4 - Guatemala since 1930
from PART TWO - CENTRAL AMERICA
Published online by Cambridge University Press: 28 March 2008
Summary
Although the 108,900 square kilometres of its landmass made it smaller than both Nicaragua (148,000) and Honduras (112,000), Guatemala had in 1930 the largest population in Central America (1.7 million). The capital – Guatemala City – had, however, a population of only 130,000 and the country's second city, Quezaltenango (20,000), was no more than a modest provincial town. With a minuscule manufacturing base and an export sector almost completely dominated by coffee (which generated 77 per cent of export revenue) and bananas (13 per cent), Guatemala conformed to the stereotype of a backward plantation economy in which large commercial farms coexisted with a patchwork of small peasant plots dedicated to subsistence agriculture and the provisioning of a limited local market in foodstuffs.
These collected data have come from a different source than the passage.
lemma det_factorization_block_nonzero:
  fixes u :: "'v::{finite,linorder} mpoly \<Rightarrow> complex"
  assumes lf: "linear_functional u" and qd: "quasi_definite u" and f: "is_factorization u S H"
  shows "det (H k) \<noteq> 0"
proof
  assume "det (H k) = 0"
  moreover have Hk: "H k \<in> carrier_mat (bsize TYPE('v) k) (bsize TYPE('v) k)"
    using f by (simp add: is_factorization_def)
  ultimately obtain w where w: "w \<in> carrier_vec (bsize TYPE('v) k)" "w \<noteq> 0\<^sub>v (bsize TYPE('v) k)"
    "H k *\<^sub>v w = 0\<^sub>v (bsize TYPE('v) k)"
    using det_0_iff_vec_prod_zero by blast
  let ?Q = "\<Sum>j<bsize TYPE('v) k. cpoly (w $ j) * MOP_of S k j :: 'v mpoly"
  have "u (?Q * MOP_of S l c) = 0" if "l \<le> k" "c < bsize TYPE('v) l" for l c
  proof -
    have "u (?Q * MOP_of S l c) = u (MOP_of S l c * ?Q)" by (simp only: mult.commute)
    also have "\<dots> = (\<Sum>j<bsize TYPE('v) k. w $ j * u (MOP_of S l c * MOP_of S k j))"
      unfolding sum_distrib_left linear_functional_sum[OF lf] mult.left_commute[of "MOP_of S l c"]
        linear_functional_cpoly_mult[OF lf] ..
    also have "\<dots> = (if l = k then (H k *\<^sub>v w) $ c else 0)"
      using that Hk w(1) is_factorization_orthogonal[OF lf f that(2)]
      by (auto simp: scalar_prod_def atLeast0LessThan mult.commute intro!: sum.cong)
    also have "\<dots> = 0" using w(3) that by auto
    finally show ?thesis .
  qed
  then have "w = 0\<^sub>v (bsize TYPE('v) k)"
    by (intro MOP_of_comb_orthogonal_imp_zero[OF lf qd f w(1)]) blast
  with w(2) show False ..
qed

lemma factorization_block_inverse:
  fixes u :: "'v::{finite,linorder} mpoly \<Rightarrow> complex"
  assumes lf: "linear_functional u" and qd: "quasi_definite u" and f: "is_factorization u S H"
  shows "the (mat_inverse (H k)) * H k = 1\<^sub>m (bsize TYPE('v) k)"
    "the (mat_inverse (H k)) \<in> carrier_mat (bsize TYPE('v) k) (bsize TYPE('v) k)"
  using mat_inverse_if_det_nonzero[OF _ det_factorization_block_nonzero[OF lf qd f]] f
  by (auto simp: is_factorization_def)
lemma product_lower_bound:
  fixes N s \<epsilon> :: real
  assumes "0 < N" "\<epsilon> \<le> 1/3" "(1 - \<epsilon>) * N / 2 \<le> s" "s \<le> (1 + 3 * \<epsilon>) * N / 2"
  shows "(1 - 4 * \<epsilon>) * N / 2 \<le> 2 * s * (N - s) / N"
proof -
  have "0 \<le> (1 - \<epsilon>) * N / 2" "0 \<le> (1 - 3 * \<epsilon>) * N / 2"
    using assms(1,2) by simp_all
  moreover have "(1 - 3 * \<epsilon>) * N / 2 \<le> N - s"
    using assms(4) by (simp add: field_simps)
  ultimately have "(1 - \<epsilon>) * N / 2 * ((1 - 3 * \<epsilon>) * N / 2) \<le> s * (N - s)"
    using assms(3) by (intro mult_mono) auto
  then have "2 * ((1 - \<epsilon>) * N / 2 * ((1 - 3 * \<epsilon>) * N / 2)) / N \<le> 2 * (s * (N - s)) / N"
    using assms(1) by (intro divide_right_mono mult_left_mono) auto
  moreover have "2 * ((1 - \<epsilon>) * N / 2 * ((1 - 3 * \<epsilon>) * N / 2)) / N = (1 - \<epsilon>) * (1 - 3 * \<epsilon>) * N / 2"
    using assms(1) by (simp add: field_simps)
  moreover have "(1 - 4 * \<epsilon>) * N / 2 \<le> (1 - \<epsilon>) * (1 - 3 * \<epsilon>) * N / 2"
    using assms(1) by (simp add: field_simps)
  ultimately have "(1 - 4 * \<epsilon>) * N / 2 \<le> 2 * (s * (N - s)) / N"
    by linarith
  then show ?thesis
    by (simp only: mult.assoc)
qed

lemma sum_phi_deg_in_ge:
  fixes \<epsilon> :: real and n :: nat
  defines "N \<equiv> (2::real) ^ n"
  assumes part: "A \<union> B \<union> W = cube n" "A \<inter> B = {}" "A \<inter> W = {}" "B \<inter> W = {}"
    and \<epsilon>: "\<epsilon> \<le> 1/3"
    and A: "(1 - \<epsilon>) * N / 2 \<le> card A" "card A \<le> (1 + \<epsilon>) * N / 2"
    and W: "card W \<le> \<epsilon> * N" "card W * sqrt (2 * real n) \<le> 2 * \<epsilon> * N"
  shows "N / 2 - 4 * (\<epsilon> * N) \<le> (\<Sum>x\<in>A. phi (deg_in B x))"
proof -
  have fin: "finite A" "finite W"
    using finite_cube[of n] unfolding part(1)[symmetric] by simp_all
  have N: "0 < N"
    by (simp add: N_def)
  have card_AW: "real (card (A \<union> W)) = card A + card W"
    using fin part(3) by (simp add: card_Un_disjoint)
  have "cube n - (A \<union> W) = B"
    using part by auto
  then have "2 * real (card (A \<union> W)) * (N - real (card (A \<union> W))) / N \<le>
      (\<Sum>x\<in>A \<union> W. phi (deg_in B x))"
    using phi_isoperimetric[of "A \<union> W" n] part(1) by (auto simp: N_def)
  moreover have "(1 - 4 * \<epsilon>) * N / 2 \<le> 2 * real (card (A \<union> W)) * (N - real (card (A \<union> W))) / N"
  proof (rule product_lower_bound[OF N \<epsilon>])
    show "(1 - \<epsilon>) * N / 2 \<le> real (card (A \<union> W))"
      using A(1) card_AW by simp
    show "real (card (A \<union> W)) \<le> (1 + 3 * \<epsilon>) * N / 2"
      using A(2) W(1) card_AW by (simp add: field_simps)
  qed
  moreover have "(\<Sum>x\<in>A \<union> W. phi (deg_in B x)) = (\<Sum>x\<in>A. phi (deg_in B x)) + (\<Sum>x\<in>W. phi (deg_in B x))"
    using fin part(3) by (simp add: sum.union_disjoint)
  moreover have "(\<Sum>x\<in>W. phi (deg_in B x)) \<le> (\<Sum>x\<in>W. sqrt (2 * real n))"
    using part(1) by (intro sum_mono phi_le_sqrt deg_in_le) auto
  ultimately have "(1 - 4 * \<epsilon>) * N / 2 - 2 * \<epsilon> * N \<le> (\<Sum>x\<in>A. phi (deg_in B x))"
    using W(2) by simp
  moreover have "(1 - 4 * \<epsilon>) * N / 2 = N / 2 - 2 * (\<epsilon> * N)"
    by (simp add: field_simps)
  ultimately show ?thesis
    by linarith
qed

lemma card_h_AB_ne_1_bound:
  fixes \<epsilon> :: real and n :: nat
  defines "N \<equiv> (2::real) ^ n"
  assumes part: "A \<union> B \<union> W = cube n" "A \<inter> B = {}" "A \<inter> W = {}" "B \<inter> W = {}"
    and \<epsilon>: "0 < \<epsilon>" "\<epsilon> \<le> 1/3"
    and A: "(1 - \<epsilon>) * N / 2 \<le> card A" "card A \<le> (1 + \<epsilon>) * N / 2"
    and W: "card W \<le> \<epsilon> * N" "card W * sqrt (2 * real n) \<le> 2 * \<epsilon> * N"
    and edges: "card (edge_boundary A B) < (1 + \<epsilon>) * N / 2"
  shows "card {x \<in> A. h_AB A B x \<noteq> 1} \<le> 108 * \<epsilon> * card A"
proof -
  have "finite A" "finite B"
    using finite_cube[of n] unfolding part(1)[symmetric] by simp_all
  moreover have "(1 + \<epsilon>) * N / 2 = N / 2 + \<epsilon> * N / 2"
    by (simp add: field_simps)
  ultimately have "card {x \<in> A. h_AB A B x \<noteq> 1} \<le> 36 * (\<epsilon> * N)"
    using card_h_AB_ne_1_le[of A B] sum_phi_deg_in_ge[OF part \<epsilon>(2) A[unfolded N_def] W[unfolded N_def]] A(2) edges
    unfolding N_def by linarith
  also have "\<dots> \<le> 36 * (\<epsilon> * (3 * card A))"
  proof -
    have "\<epsilon> * N \<le> 1/3 * N"
      using \<epsilon>(2) by (intro mult_right_mono) (auto simp: N_def)
    moreover have "N / 2 - \<epsilon> * N / 2 \<le> card A"
      using A(1) by (simp add: left_diff_distrib diff_divide_distrib)
    ultimately have "N \<le> 3 * card A"
      by linarith
    then show ?thesis
      using \<epsilon>(1) by simp
  qed
  finally show ?thesis
    by simp
qed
On the eve of the depression, GDP stood at $450 million, making Guatemala's economy considerably greater in size than those of the other states of the isthmus. (The second largest was that of El Salvador, with a GDP of $227 million; the weakest, that of Nicaragua with a GDP of only $129 million.) Moreover, Guatemala still retained much of the regional political influence it had enjoyed under Spanish colonial rule, when it was the seat of civil and ecclesiastical administration as well as the centre of commerce for the entire area. Hence, although it was a decidedly small and impoverished state compared to most in Latin America, and was dwarfed by Mexico to the north, Guatemala remained the strongest power in Central America, which constituted a distinct political arena just as much in 1930 as it does today.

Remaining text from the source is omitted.